Why Lana Del Rey Makes Me Fucking Hate Music Too
So I am fed up with the fucking Stone Roses, I think I’ve made that clear. And as for Lana Del fucking Rey, Christ she’s been getting on my tits recently as well.
Funnily enough, you know, I actually like Video Games; I genuinely think it’s a pretty good pop song, and if it was just that song by itself then I would presumably really like it.
But there are two things which started out just mildly annoying me, but with their sheer ubiquity have turned an indifferent snort into utter loathing.
The ubiquity itself is fucking annoying enough, just to start with. This is of course a little related to envy, but I have been checking the 6Music playlists a lot recently, for any sign of them playing our recent releases, and whilst they’ve cropped up here and there, that fucking Video Games tune has been on every fucking show at least once, every day for fucking weeks.
And the song, as much as I like it, just isn’t that good. I don’t know how fucking incredible a song would have to be before I wouldn’t be just slightly irritated seeing it all over the place like that, but I would imagine sampled birdsong from rare starlings whose wings are tipped with silver would have to be involved in some way.
It just fucking annoys me that all these unsigned bands and tiny labels are slaving away for fucking ages trying to get the slightest glimmer of attention, and some major label marketing department dresses up an established attention whore in something slinky and glamorous, butchers her fucking face, throws her at the media in a shower of pouting and cash and lo and be-fucking-hold, all the rest of us trying our best to score a moment here or there are instantly buried in an avalanche of sex-pouts.

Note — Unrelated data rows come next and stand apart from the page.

(* Let $\mathfrak{g}$ be a $6$-dimensional real nilpotent Lie algebra with a complex structure $J$. Then $\mathfrak{g}^*$ has a basis $\{e^1,\dots,e^6\}$ such that $e^1+ie^2$ is a closed $(1,0)$-form (i.e. $d(e^1+ie^2)=0$ and $e^1+ie^2\in\Lambda^{1,0}$) and $de^3\in\langle e^{12}\rangle$, $de^4\in\langle e^{12},e^{13},e^{23}\rangle$, $de^5\in\langle e^{12},e^{13},e^{14},e^{23},e^{24},e^{34}\rangle$, $de^6\in\langle e^{12},e^{13},e^{14},e^{15},e^{23},e^{24},e^{25},e^{34}\rangle$.
   Context: A complex structure is a linear $J\colon\mathfrak{g}\to\mathfrak{g}$ with $J^2=-1$ and $[JX,JY]=[X,Y]+J[JX,Y]+J[X,JY]$ for all $X,Y$. $d\alpha(X,Y)=-\alpha([X,Y])$, extended complex-linearly; $\Lambda^{1,0}$ is the space of complex-linear forms $\omega$ on $\mathfrak{g}$ with $\omega(JX)=i\,\omega(X)$. $e^{ij}=e^i\wedge e^j$. *)

theory Defs
  imports "HOL-Analysis.Analysis"
begin

definition lie_algebra :: "('g::real_vector \<Rightarrow> 'g \<Rightarrow> 'g) \<Rightarrow> bool" where
  "lie_algebra br \<longleftrightarrow> bilinear br \<and> (\<forall>x. br x x = 0) \<and>
     (\<forall>x y z. br x (br y z) + br y (br z x) + br z (br x y) = 0)"

fun lower_central :: "('g::real_vector \<Rightarrow> 'g \<Rightarrow> 'g) \<Rightarrow> nat \<Rightarrow> 'g set" where
  "lower_central br 0 = UNIV"
| "lower_central br (Suc k) = span {br x y | x y. y \<in> lower_central br k}"

definition nilpotent_lie :: "('g::real_vector \<Rightarrow> 'g \<Rightarrow> 'g) \<Rightarrow> bool" where
  "nilpotent_lie br \<longleftrightarrow> (\<exists>k. lower_central br k = {0})"

definition complex_structure ::
  "('g::real_vector \<Rightarrow> 'g \<Rightarrow> 'g) \<Rightarrow> ('g \<Rightarrow> 'g) \<Rightarrow> bool" where
  "complex_structure br J \<longleftrightarrow> linear J \<and> (\<forall>x. J (J x) = - x) \<and>
     (\<forall>X Y. br (J X) (J Y) = br X Y + J (br (J X) Y) + J (br X (J Y)))"

definition dform :: "('g \<Rightarrow> 'g \<Rightarrow> 'g) \<Rightarrow> ('g \<Rightarrow> 'a::ab_group_add) \<Rightarrow> 'g \<Rightarrow> 'g \<Rightarrow> 'a" where
  "dform br \<alpha> X Y = - \<alpha> (br X Y)"

definition wedge :: "('g \<Rightarrow> real) \<Rightarrow> ('g \<Rightarrow> real) \<Rightarrow> 'g \<Rightarrow> 'g \<Rightarrow> real" where
  "wedge a b X Y = a X * b Y - b X * a Y"

definition in_span2 :: "(nat \<Rightarrow> 'g \<Rightarrow> real) \<Rightarrow> (nat \<times> nat) set \<Rightarrow> ('g \<Rightarrow> 'g \<Rightarrow> real) \<Rightarrow> bool" where
  "in_span2 e S \<phi> \<longleftrightarrow> (\<exists>c :: nat \<times> nat \<Rightarrow> real.
     \<forall>X Y. \<phi> X Y = (\<Sum>(i,j)\<in>S. c (i,j) * wedge (e i) (e j) X Y))"

definition dual_basis6 :: "(nat \<Rightarrow> 'g::real_vector \<Rightarrow> real) \<Rightarrow> bool" where
  "dual_basis6 e \<longleftrightarrow> (\<forall>i\<in>{1..6}. linear (e i)) \<and>
     (\<forall>c :: nat \<Rightarrow> real. (\<forall>X. (\<Sum>i=1..6. c i * e i X) = 0) \<longrightarrow> (\<forall>i\<in>{1..6}. c i = 0))"

definition is_form_10 :: "('g \<Rightarrow> 'g) \<Rightarrow> ('g \<Rightarrow> complex) \<Rightarrow> bool" where
  "is_form_10 J \<omega> \<longleftrightarrow> (\<forall>X. \<omega> (J X) = \<i> * \<omega> X)"

end

theory Submission
  imports Defs
begin

(* Because g is nilpotent and J is integrable, for every nonzero J-invariant subalgebra U the
   J-hull span ([U,U] + J [U,U]) is a proper subspace of U: otherwise U would lie in the J-hull of
   every term of the lower central series of U, which eventually vanishes.  Applied to g this yields a 4-dimensional J-invariant ideal U containing [g,g]; applied to U, together with
   Engel's lemma, it yields t <> 0 with t and J t central in U.  Engel's lemma then gives a basis
   X3, X4, X5, X6 of U adapted to the action of g, with X5, X6 central in U.  Adding X1 outside U and
   X2 = J X1 gives a basis of g, and its dual basis works because d e^k (X a, X b) = - e^k [X a, X b]. *)

section \<open>Linear complex structures\<close>

lemma span_pairE:
  assumes "x \<in> span {a, b}"
  obtains s t where "x = s *\<^sub>R a + t *\<^sub>R b"
proof -
  obtain s where "x - s *\<^sub>R a \<in> span {b}"
    using assms by (auto simp: span_insert)
  then obtain t where "x - s *\<^sub>R a = t *\<^sub>R b"
    by (auto simp: span_singleton)
  then show ?thesis
    using that[of s t] by (metis add.commute diff_eq_eq)
qed

locale linear_complex_structure =
  fixes J :: "'a::euclidean_space \<Rightarrow> 'a"
  assumes linear_J: "linear J" and J_J [simp]: "J (J x) = - x"
begin

lemmas J_simps [simp] =
  linear_add[OF linear_J] linear_diff[OF linear_J] linear_neg[OF linear_J]
  linear_scale[OF linear_J] linear_0[OF linear_J]

definition J_invariant :: "'a set \<Rightarrow> bool" where
  "J_invariant W \<longleftrightarrow> J ` W \<subseteq> W"

definition J_hull :: "'a set \<Rightarrow> 'a set" where
  "J_hull S = span (S \<union> J ` S)"

lemma J_invariantD: "J_invariant W \<Longrightarrow> x \<in> W \<Longrightarrow> J x \<in> W"
  unfolding J_invariant_def by blast

lemma J_invariant_UNIV: "J_invariant UNIV"
  by (simp add: J_invariant_def)

lemma J_invariant_zero: "J_invariant {0}"
  by (simp add: J_invariant_def)

lemma J_invariant_span:
  assumes "J ` S \<subseteq> span S"
  shows "J_invariant (span S)"
  unfolding J_invariant_def span_linear_image[OF linear_J, symmetric]
  by (rule span_minimal[OF assms subspace_span])

lemma subspace_J_hull: "subspace (J_hull S)"
  by (simp add: J_hull_def)

lemma J_invariant_J_hull: "J_invariant (J_hull S)"
proof -
  have "- x \<in> span (S \<union> J ` S)" if "x \<in> S" for x
    using that by (simp add: span_base span_neg)
  then show ?thesis
    unfolding J_hull_def by (intro J_invariant_span) (auto intro: span_base)
qed

lemma J_hull_base: "x \<in> S \<Longrightarrow> x \<in> J_hull S"
  by (simp add: J_hull_def span_base)

lemma J_hull_minimal: "subspace W \<Longrightarrow> J_invariant W \<Longrightarrow> S \<subseteq> W \<Longrightarrow> J_hull S \<subseteq> W"
  unfolding J_hull_def J_invariant_def by (intro span_minimal) auto

lemma J_hull_subspace_decompose:
  assumes "subspace S" "x \<in> J_hull S"
  obtains a b where "a \<in> S" "b \<in> S" "x = a + J b"
proof -
  have "span S = S"
    using assms(1) by simp
  moreover have "span (J ` S) = J ` S"
    using span_linear_image[OF linear_J, of S] \<open>span S = S\<close> by simp
  ultimately show ?thesis
    using assms(2) that unfolding J_hull_def span_Un by (auto simp only:)
qed

lemma J_not_in_span_insert:
  assumes W: "subspace W" "J_invariant W" and "s \<notin> W"
  shows "J s \<notin> span (insert s W)"
proof
  assume "J s \<in> span (insert s W)"
  moreover have "span W = W"
    using W(1) by simp
  ultimately obtain k where k: "J s - k *\<^sub>R s \<in> W"
    using span_breakdown_eq[of "J s" s W] by auto
  have "J (J s - k *\<^sub>R s) \<in> W"
    using W(2) k by (rule J_invariantD)
  then have "J (J s - k *\<^sub>R s) + k *\<^sub>R (J s - k *\<^sub>R s) \<in> W"
    using W(1) k by (simp only: subspace_add subspace_scale)
  moreover have "J (J s - k *\<^sub>R s) + k *\<^sub>R (J s - k *\<^sub>R s) = - (1 + k\<^sup>2) *\<^sub>R s"
    by (simp add: algebra_simps power2_eq_square)
  ultimately have "inverse (- (1 + k\<^sup>2)) *\<^sub>R (- (1 + k\<^sup>2)) *\<^sub>R s \<in> W"
    using W(1) by (metis subspace_scale)
  moreover have "- (1 + k\<^sup>2) \<noteq> 0"
    using zero_le_power2[of k] by linarith
  ultimately show False
    using \<open>s \<notin> W\<close> by simp
qed

lemma J_not_in_span_singleton: "t \<noteq> 0 \<Longrightarrow> J t \<notin> span {t}"
  using J_not_in_span_insert[OF subspace_single_0 J_invariant_zero, of t] by (simp add: insert_commute)

lemma span_singleton_Int_span_J:
  assumes "x \<in> span {t}" "x \<in> span {J t}"
  shows "x = 0"
proof -
  obtain c where c: "x = c *\<^sub>R t"
    using assms(1) by (auto simp: span_singleton)
  obtain d where d: "x = d *\<^sub>R J t"
    using assms(2) by (auto simp: span_singleton)
  show "x = 0"
  proof (cases "d = 0 \<or> t = 0")
    case False
    then have "J t = inverse d *\<^sub>R (d *\<^sub>R J t)"
      by simp
    also have "\<dots> = (c / d) *\<^sub>R t"
      using c d by (simp add: divide_inverse_commute)
    finally have "J t \<in> span {t}"
      by (simp add: span_base span_scale)
    with False J_not_in_span_singleton show ?thesis
      by blast
  qed (use d in auto)
qed

lemma dim_J_pair: "t \<noteq> 0 \<Longrightarrow> dim {J t, t} = 2"
  using J_not_in_span_singleton[of t] by (simp add: dim_insert)

lemma J_invariant_span_insert_J:
  "J_invariant W \<Longrightarrow> J_invariant (span (insert (J s) (insert s W)))"
  by (rule J_invariant_span) (auto intro: span_base span_neg dest: J_invariantD)

lemma dim_span_insert_J:
  assumes "subspace W" "J_invariant W" "s \<notin> W"
  shows "dim (span (insert (J s) (insert s W))) = dim W + 2"
proof -
  have "span W = W"
    using assms(1) by simp
  then show ?thesis
    using J_not_in_span_insert[OF assms] assms(3) by (simp add: dim_insert del: span_eq_iff)
qed

lemma span_insert_J_subset:
  assumes "subspace W" "J_invariant W" "s \<in> W" "V \<subseteq> W"
  shows "span (insert (J s) (insert s V)) \<subseteq> W"
  using assms by (intro span_minimal) (simp_all add: J_invariantD)

lemma exists_J_invariant_between:
  assumes V: "subspace V" "J_invariant V" and W: "subspace W" "J_invariant W"
    and "V \<subseteq> W" "dim V + 2 * n \<le> dim W"
  shows "\<exists>V'. V \<subseteq> V' \<and> V' \<subseteq> W \<and> subspace V' \<and> J_invariant V' \<and>
    dim V' = dim V + 2 * n"
  using assms(6)
proof (induction n)
  case 0
  show ?case
    using V \<open>V \<subseteq> W\<close> by (intro exI[of _ V]) simp
next
  case (Suc n)
  then obtain V' where V': "V \<subseteq> V'" "V' \<subseteq> W" "subspace V'" "J_invariant V'"
    "dim V' = dim V + 2 * n" by auto
  then have "\<not> W \<subseteq> V'"
    using Suc.prems V'(5) dim_subset[of W V'] by auto
  then obtain s where s: "s \<in> W" "s \<notin> V'"
    by blast
  let ?V'' = "span (insert (J s) (insert s V'))"
  show ?case
    using V' s dim_span_insert_J[OF V'(3,4) s(2)] J_invariant_span_insert_J[OF V'(4)]
      span_insert_J_subset[OF W s(1) V'(2)]
    by (intro exI[of _ ?V'']) (auto intro: span_base)
qed

lemma even_dim_J_invariant:
  assumes W: "subspace W" "J_invariant W"
  shows "even (dim W)"
proof (rule ccontr)
  assume "odd (dim W)"
  have "{0} \<subseteq> W" "dim {0::'a} + 2 * (dim W div 2) \<le> dim W"
    using W(1) subspace_0 by auto
  then obtain V where V: "V \<subseteq> W" "subspace V" "J_invariant V"
    "dim V = dim {0::'a} + 2 * (dim W div 2)"
    using exists_J_invariant_between[OF subspace_single_0 J_invariant_zero W] by blast
  then have "dim V + 1 = dim W"
    using \<open>odd (dim W)\<close> by simp
  then have "\<not> W \<subseteq> V"
    using dim_subset[of W V] by auto
  then obtain s where s: "s \<in> W" "s \<notin> V"
    by blast
  from dim_subset[OF span_insert_J_subset[OF W s(1) V(1)]] show False
    using dim_span_insert_J[OF V(2,3) s(2)] \<open>dim V + 1 = dim W\<close> by linarith
qed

That brings me onto the fucking second thing: her fucking image. Now, have a look at that video at the bottom of the page, back when Lana was just plain old Lizzy Grant. You can see the same hyper-sexualised pouting antics going on there, although admittedly that was before she decided to butcher her face, but it’s now quite clearly been turned up to eleven.

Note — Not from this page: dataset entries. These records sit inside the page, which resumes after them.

lemma holomorphic_on_integral_Ioi:
  fixes F F' :: "complex \<Rightarrow> real \<Rightarrow> complex"
  assumes S: "open S"
    and contF: "\<And>z. z \<in> S \<Longrightarrow> continuous_on {0<..} (F z)"
    and der: "\<And>z t. z \<in> S \<Longrightarrow> t > 0 \<Longrightarrow> ((\<lambda>z. F z t) has_field_derivative F' z t) (at z)"
    and contF': "continuous_on (S \<times> {0<..}) (\<lambda>(z, t). F' z t)"
    and dom: "\<And>K. compact K \<Longrightarrow> K \<subseteq> S \<Longrightarrow>
                \<exists>g. g integrable_on {0<..} \<and> (\<forall>z\<in>K. \<forall>t>0. norm (F z t) \<le> g t)"
  shows "(\<lambda>z. integral {0<..} (F z)) holomorphic_on S"
proof -
  have "(\<lambda>z. integral {0<..} (F z)) holomorphic_on ball z0 r"
    if z0: "z0 \<in> S" and r: "cball z0 r \<subseteq> S" "r > 0" for z0 r
  proof -
    obtain g where g: "g integrable_on {0<..}" and bound: "\<And>z t. z \<in> cball z0 r \<Longrightarrow> t > 0 \<Longrightarrow> norm (F z t) \<le> g t"
      using dom[of "cball z0 r"] r by auto
    have g0: "g t \<ge> 0" if "t > 0" for t
      using order_trans[OF norm_ge_zero bound[of z0 t]] that r(2) by simp
    have Fint: "F z integrable_on {0<..}" if "z \<in> cball z0 r" for z
    proof -
      have "z \<in> S" using that r by auto
      hence "F z absolutely_integrable_on {0<..}"
        by (rule absolutely_integrable_on_dominated[OF contF g bound[OF that]])
      thus ?thesis by (rule set_lebesgue_integral_eq_integral(1))
    qed
    have trunc_holo: "(\<lambda>z. integral (Ioi_truncation n) (F z)) holomorphic_on cball z0 r" for n
      by (rule holomorphic_on_integral_Ioi_truncation[OF convex_cball r(1) contF der contF'])
    have "eventually (\<lambda>n. continuous_on (cball z0 r) (\<lambda>z. integral (Ioi_truncation n) (F z)) \<and>
             (\<lambda>z. integral (Ioi_truncation n) (F z)) holomorphic_on ball z0 r) sequentially"
      by (intro always_eventually allI conjI holomorphic_on_imp_continuous_on trunc_holo
            holomorphic_on_subset[OF trunc_holo ball_subset_cball])
    from holomorphic_uniform_limit[OF this uniform_limit_integral_Ioi_truncation[OF g g0 Fint bound]]
    show ?thesis by auto
  qed
  hence "(\<lambda>z. integral {0<..} (F z)) analytic_on S"
    using S unfolding analytic_on_def by (meson open_contains_cball)
  thus ?thesis by (rule analytic_imp_holomorphic)
qed

section \<open>The Gamma integral with complex scaling\<close>

text \<open>The Gamma integrand \<open>t\<^sup>w\<^sup>-\<^sup>1 e\<^sup>-\<^sup>l\<^sup>t\<close>, written via \<open>exp\<close> and the real \<open>ln\<close> so that
  no branch of the complex logarithm is involved.\<close>
definition Gamma_kernel :: "complex \<Rightarrow> complex \<Rightarrow> real \<Rightarrow> complex" where
  "Gamma_kernel w l t = exp ((w - 1) * of_real (ln t) - l * of_real t)"

lemma norm_Gamma_kernel:
  assumes "t > 0"
  shows "norm (Gamma_kernel w l t) = t powr (Re w - 1) * exp (- (Re l * t))"
proof -
  have "norm (Gamma_kernel w l t) = exp ((Re w - 1) * ln t - Re l * t)"
    by (simp add: Gamma_kernel_def norm_exp_eq_Re)
  thus ?thesis
    using assms by (simp add: powr_def exp_diff exp_minus divide_inverse)
qed

lemma continuous_on_Gamma_kernel: "continuous_on {0<..} (Gamma_kernel w l)"
  unfolding Gamma_kernel_def by (intro continuous_intros) auto

lemma integrable_Gamma_kernel_bound:
  fixes x a :: real
  assumes "x > 0" "a > 0"
  shows "(\<lambda>t. t powr (x - 1) * exp (- (a * t))) integrable_on {0<..}"
proof -
  have "(\<lambda>t. norm (complex_of_real t powr (of_real x - 1) / of_real (exp (a * t)))) integrable_on {0<..}"
    using absolutely_integrable_Gamma_integral[of "of_real x" a] assms
    by (simp add: absolutely_integrable_on_def)
  thus ?thesis
    by (rule integrable_spike[where S="{}"])
       (simp_all add: norm_divide norm_powr_real_powr exp_minus field_simps)
qed

lemma absolutely_integrable_Gamma_kernel:
  assumes "Re w > 0" "Re l > 0"
  shows "Gamma_kernel w l absolutely_integrable_on {0<..}"
  by (rule absolutely_integrable_on_dominated[OF continuous_on_Gamma_kernel integrable_Gamma_kernel_bound[OF assms]])
     (simp add: norm_Gamma_kernel)

lemma integral_Gamma_kernel_of_real:
  assumes w: "Re w > 0" and c: "c > 0"
  shows "integral {0<..} (Gamma_kernel w (of_real c)) = Gamma w * exp (- w * of_real (ln c))"
proof -
  define f where "f t = complex_of_real t powr (w - 1) / of_real (exp t)" for t
  have "(f has_integral Gamma w) {0..}"
    unfolding f_def using Gamma_integral_complex[OF w] by simp
  hence "(f has_integral Gamma w) {0<..}"
    by (subst (asm) has_integral_spike_set_eq) (auto intro: negligible_subset[of "{0}"])
  moreover have "f absolutely_integrable_on {0<..}"
    unfolding f_def using absolutely_integrable_Gamma_integral[of w 1] w by simp
  moreover have "(\<lambda>x. c * x) ` {0<..} = {0<..}"
  proof safe
    fix y :: real assume "y > 0"
    thus "y \<in> (\<lambda>x. c * x) ` {0<..}" using c by (intro image_eqI[of _ _ "y / c"]) auto
  qed (use c in auto)
  ultimately have scaled: "integral {0<..} (\<lambda>x. \<bar>c\<bar> *\<^sub>R f (c * x)) = Gamma w"
    using has_absolute_integral_change_of_variables_real[of "{0<..}" "\<lambda>x. c * x" "\<lambda>_. c" f "Gamma w"] c
    by (auto intro!: derivative_eq_intros simp: inj_on_def)
  have kernel_eq: "Gamma_kernel w (of_real c) x = exp (- w * of_real (ln c)) * (\<bar>c\<bar> *\<^sub>R f (c * x))"
    if "x > 0" for x
  proof -
    have "Ln (of_real (c * x)) = of_real (ln (c * x))"
      using that c by (intro Ln_of_real) simp
    hence "Ln (of_real c * of_real x) = of_real (ln c + ln x)"
      using that c by (simp add: ln_mult)
    moreover have "complex_of_real (exp (c * x)) = exp (of_real c * of_real x)"
      by (metis exp_of_real of_real_mult)
    ultimately have "\<bar>c\<bar> *\<^sub>R f (c * x) = exp (of_real (ln c)) * exp ((w - 1) * of_real (ln c + ln x)) / exp (of_real c * of_real x)"
      using that c by (simp add: f_def powr_def scaleR_conv_of_real exp_of_real)
    also have "\<dots> = exp (w * of_real (ln c) + ((w - 1) * of_real (ln x) - of_real c * of_real x))"
      by (simp add: exp_add exp_diff algebra_simps)
    finally have "exp (- w * of_real (ln c)) * (\<bar>c\<bar> *\<^sub>R f (c * x))
      = exp (- w * of_real (ln c) + (w * of_real (ln c) + ((w - 1) * of_real (ln x) - of_real c * of_real x)))"
      by (simp only: mult_exp_exp)
    thus ?thesis
      by (simp add: Gamma_kernel_def algebra_simps)
  qed
  have "integral {0<..} (Gamma_kernel w (of_real c))
        = integral {0<..} (\<lambda>x. exp (- w * of_real (ln c)) * (\<bar>c\<bar> *\<^sub>R f (c * x)))"
    by (rule integral_cong) (simp add: kernel_eq)
  also have "\<dots> = exp (- w * of_real (ln c)) * Gamma w"
    by (simp only: integral_mult_right scaled)
  finally show ?thesis by simp
qed

lemma compact_right_half_plane_imp_Re_ge:
  assumes "compact K" "K \<subseteq> {l. Re l > 0}"
  obtains \<delta> where "\<delta> > 0" "\<And>l. l \<in> K \<Longrightarrow> \<delta> \<le> Re l"
proof (cases "K = {}")
  case False
  have "compact (Re ` K)" by (intro compact_continuous_image continuous_intros assms(1))
  then obtain x where "x \<in> Re ` K" "\<And>y. y \<in> Re ` K \<Longrightarrow> x \<le> y"
    using compact_attains_inf[of "Re ` K"] False by auto
  with assms(2) that show ?thesis by auto
qed (use that[of 1] in auto)

lemma holomorphic_on_integral_Gamma_kernel:
  assumes w: "Re w > 0"
  shows "(\<lambda>l. integral {0<..} (Gamma_kernel w l)) holomorphic_on {l. Re l > 0}"
proof (rule holomorphic_on_integral_Ioi[where F' = "\<lambda>l t. - of_real t * Gamma_kernel w l t"])
  fix l and t :: real
  show "((\<lambda>l. Gamma_kernel w l t) has_field_derivative - of_real t * Gamma_kernel w l t) (at l)"
    unfolding Gamma_kernel_def by (auto intro!: derivative_eq_intros)
next
  show "continuous_on ({l. Re l > 0} \<times> {0<..}) (\<lambda>(l, t). - of_real t * Gamma_kernel w l t)"
    unfolding case_prod_unfold Gamma_kernel_def by (intro continuous_intros) auto
next
  fix K assume K: "compact K" "K \<subseteq> {l. Re l > 0}"
  obtain \<delta> where \<delta>: "\<delta> > 0" "\<And>l. l \<in> K \<Longrightarrow> \<delta> \<le> Re l"
    using compact_right_half_plane_imp_Re_ge[OF K] by blast
  have "norm (Gamma_kernel w l t) \<le> t powr (Re w - 1) * exp (- (\<delta> * t))" if "l \<in> K" "t > 0" for l t
  proof -
    have "\<delta> * t \<le> Re l * t" using \<delta> that by (intro mult_right_mono) auto
    thus ?thesis using that by (simp add: norm_Gamma_kernel mult_left_mono)
  qed
  thus "\<exists>g. g integrable_on {0<..} \<and> (\<forall>l\<in>K. \<forall>t>0. norm (Gamma_kernel w l t) \<le> g t)"
    using integrable_Gamma_kernel_bound[OF w \<delta>(1)] by blast
qed (auto simp: open_halfspace_Re_gt continuous_on_Gamma_kernel)

text \<open>Both sides are holomorphic in \<open>l\<close> on the right half plane and agree on the positive reals.\<close>
lemma integral_Gamma_kernel:
  assumes w: "Re w > 0" and l: "Re l > 0"
  shows "integral {0<..} (Gamma_kernel w l) = Gamma w * exp (- w * Ln l)"
proof -
  have "integral {0<..} (Gamma_kernel w l) - Gamma w * exp (- w * Ln l) = 0"
  proof (rule analytic_continuation[where S = "{l. Re l > 0}" and U = "of_real ` {0<..}" and \<xi> = 1
      and f = "\<lambda>l. integral {0<..} (Gamma_kernel w l) - Gamma w * exp (- w * Ln l)"])
    show "(\<lambda>l. integral {0<..} (Gamma_kernel w l) - Gamma w * exp (- w * Ln l)) holomorphic_on {l. Re l > 0}"
      by (intro holomorphic_intros holomorphic_on_integral_Gamma_kernel w)
         (auto simp: complex_nonpos_Reals_iff)
    show "(1::complex) islimpt of_real ` {0<..}"
      unfolding islimpt_approachable
    proof (intro allI impI)
      fix e :: real assume "e > 0"
      hence "of_real (1 + e/2) \<in> complex_of_real ` {0<..}" by (intro imageI) simp
      with \<open>e > 0\<close> show "\<exists>x'\<in>complex_of_real ` {0<..}. x' \<noteq> 1 \<and> dist x' 1 < e"
        by (intro bexI[of _ "of_real (1 + e/2)"]) (auto simp: dist_norm)
    qed
    show "integral {0<..} (Gamma_kernel w z) - Gamma w * exp (- w * Ln z) = 0"
      if "z \<in> of_real ` {0<..}" for z
      using that integral_Gamma_kernel_of_real[OF w] by (auto simp: Ln_of_real)
  qed (use l in \<open>auto simp: open_halfspace_Re_gt connected_halfspace_Re_gt\<close>)
  thus ?thesis by simp
qed

section \<open>Mellin transforms of exponential sums\<close>

definition expsum :: "complex set \<Rightarrow> (complex \<Rightarrow> complex) \<Rightarrow> (complex \<Rightarrow> complex) \<Rightarrow> real \<Rightarrow> complex" where
  "expsum A c l t = (\<Sum>a\<in>A. c a * exp (- l a * of_real t))"

definition expsum_kernel ::
    "complex set \<Rightarrow> (complex \<Rightarrow> complex) \<Rightarrow> (complex \<Rightarrow> complex) \<Rightarrow> complex \<Rightarrow> real \<Rightarrow> complex" where
  "expsum_kernel A c l w t = (\<Sum>a\<in>A. c a * Gamma_kernel w (l a) t)"

lemma expsum_kernel_eq: "expsum_kernel A c l w t = expsum A c l t * exp ((w - 1) * of_real (ln t))"
  unfolding expsum_kernel_def expsum_def Gamma_kernel_def sum_distrib_right
proof (intro sum.cong refl)
  fix a
  have "exp (- l a * of_real t) * exp ((w - 1) * of_real (ln t)) = exp (- l a * of_real t + (w - 1) * of_real (ln t))"
    by (simp only: mult_exp_exp)
  thus "c a * exp ((w - 1) * of_real (ln t) - l a * of_real t) = c a * exp (- l a * of_real t) * exp ((w - 1) * of_real (ln t))"
    by (simp add: algebra_simps)
qed

lemma norm_expsum_le:
  assumes "\<And>a. a \<in> A \<Longrightarrow> Re (l a) \<ge> 1" "t > 0"
  shows "norm (expsum A c l t) \<le> (\<Sum>a\<in>A. norm (c a)) * exp (- t)"
proof -
  have "norm (expsum A c l t) \<le> (\<Sum>a\<in>A. norm (c a * exp (- l a * of_real t)))"
    unfolding expsum_def by (rule norm_sum)
  also have "\<dots> \<le> (\<Sum>a\<in>A. norm (c a) * exp (- t))"
  proof (rule sum_mono)
    fix a assume "a \<in> A"
    hence "exp (- (Re (l a) * t)) \<le> exp (- t)" using assms by (simp add: mult_right_mono_neg)
    thus "norm (c a * exp (- l a * of_real t)) \<le> norm (c a) * exp (- t)"
      by (simp add: norm_mult norm_exp_eq_Re mult_left_mono)
  qed
  finally show ?thesis by (simp add: sum_distrib_right)
qed

lemma norm_expsum_kernel:
  "t > 0 \<Longrightarrow> norm (expsum_kernel A c l w t) = norm (expsum A c l t) * t powr (Re w - 1)"
  by (simp add: expsum_kernel_eq norm_mult norm_exp_eq_Re powr_def)

lemma continuous_on_expsum_kernel: "continuous_on {0<..} (expsum_kernel A c l w)"
  unfolding expsum_kernel_def by (intro continuous_intros continuous_on_Gamma_kernel)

Just for the record, plastic surgery for vanity rather than medical reasons is something I find fucking abhorrent. If your self-esteem is so utterly defeated that you are willing to cut open your own face and turn yourself into some sort of freakish science project in order to desperately try and shore up your self-image I seriously pity you. So that ‘freshly punching in the face’ mouth of hers just gives me the heebie-jeebies to begin with.
But it’s the overtly sexual nature of it. I am not for a second pretending that a mumbling indie boy in a beard and a cardie isn’t triggering pre-conceived notions of style in his potential audience the very second he chooses his clothes and his haircut, but the image you choose shows how you view yourself as well, and Lana Del Rey’s, like her Leslie Ash trout pout, gives me the creeps.
Watching her mince her way through her fucking videos, as well as through shite like her Jools Holland performance tells me just one thing: that she judges herself pretty much entirely on her appearance and her sexuality, not her music. It’s not that men and women in pop should pretend not to be sexual beings, but every single thing she does is dominated by a pout, then doe eyes, then a coy smirk, then another pout, then a breathy gasp, then a moistening of the lips and finally some more pouting.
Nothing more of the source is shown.